TASK: Identify the line in which "Context: Per-sample losses" appears, then reproduce that line and all remaining lines of the records word for word.

DATA LISTING:
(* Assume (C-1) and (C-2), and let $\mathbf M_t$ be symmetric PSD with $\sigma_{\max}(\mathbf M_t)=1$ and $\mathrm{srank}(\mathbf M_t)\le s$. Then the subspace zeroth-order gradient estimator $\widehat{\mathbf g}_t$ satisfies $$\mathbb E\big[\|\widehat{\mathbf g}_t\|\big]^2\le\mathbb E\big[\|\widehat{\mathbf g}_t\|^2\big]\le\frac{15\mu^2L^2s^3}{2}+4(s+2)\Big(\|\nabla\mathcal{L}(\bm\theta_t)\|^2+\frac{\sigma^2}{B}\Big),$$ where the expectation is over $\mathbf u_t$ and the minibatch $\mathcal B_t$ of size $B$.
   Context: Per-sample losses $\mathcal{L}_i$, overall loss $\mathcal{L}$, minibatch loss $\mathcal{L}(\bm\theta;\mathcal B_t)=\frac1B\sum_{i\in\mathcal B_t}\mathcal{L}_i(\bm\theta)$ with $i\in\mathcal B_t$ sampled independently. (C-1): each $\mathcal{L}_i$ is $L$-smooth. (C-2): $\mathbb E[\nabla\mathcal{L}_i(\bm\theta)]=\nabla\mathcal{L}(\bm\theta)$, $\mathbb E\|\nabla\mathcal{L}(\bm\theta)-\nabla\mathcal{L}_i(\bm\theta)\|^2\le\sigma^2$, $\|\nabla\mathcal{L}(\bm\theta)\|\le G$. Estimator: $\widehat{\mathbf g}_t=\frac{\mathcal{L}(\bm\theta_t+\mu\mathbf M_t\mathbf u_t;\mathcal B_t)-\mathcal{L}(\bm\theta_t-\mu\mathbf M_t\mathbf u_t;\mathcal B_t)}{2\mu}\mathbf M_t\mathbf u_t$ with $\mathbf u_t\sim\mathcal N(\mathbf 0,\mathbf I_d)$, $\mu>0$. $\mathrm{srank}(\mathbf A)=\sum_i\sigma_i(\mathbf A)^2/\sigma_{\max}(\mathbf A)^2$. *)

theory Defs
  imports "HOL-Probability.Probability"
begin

OUTPUT FOR THIS TASK:
   Context: Per-sample losses $\mathcal{L}_i$, overall loss $\mathcal{L}$, minibatch loss $\mathcal{L}(\bm\theta;\mathcal B_t)=\frac1B\sum_{i\in\mathcal B_t}\mathcal{L}_i(\bm\theta)$ with $i\in\mathcal B_t$ sampled independently. (C-1): each $\mathcal{L}_i$ is $L$-smooth. (C-2): $\mathbb E[\nabla\mathcal{L}_i(\bm\theta)]=\nabla\mathcal{L}(\bm\theta)$, $\mathbb E\|\nabla\mathcal{L}(\bm\theta)-\nabla\mathcal{L}_i(\bm\theta)\|^2\le\sigma^2$, $\|\nabla\mathcal{L}(\bm\theta)\|\le G$. Estimator: $\widehat{\mathbf g}_t=\frac{\mathcal{L}(\bm\theta_t+\mu\mathbf M_t\mathbf u_t;\mathcal B_t)-\mathcal{L}(\bm\theta_t-\mu\mathbf M_t\mathbf u_t;\mathcal B_t)}{2\mu}\mathbf M_t\mathbf u_t$ with $\mathbf u_t\sim\mathcal N(\mathbf 0,\mathbf I_d)$, $\mu>0$. $\mathrm{srank}(\mathbf A)=\sum_i\sigma_i(\mathbf A)^2/\sigma_{\max}(\mathbf A)^2$. *)

theory Defs
  imports "HOL-Probability.Probability"
begin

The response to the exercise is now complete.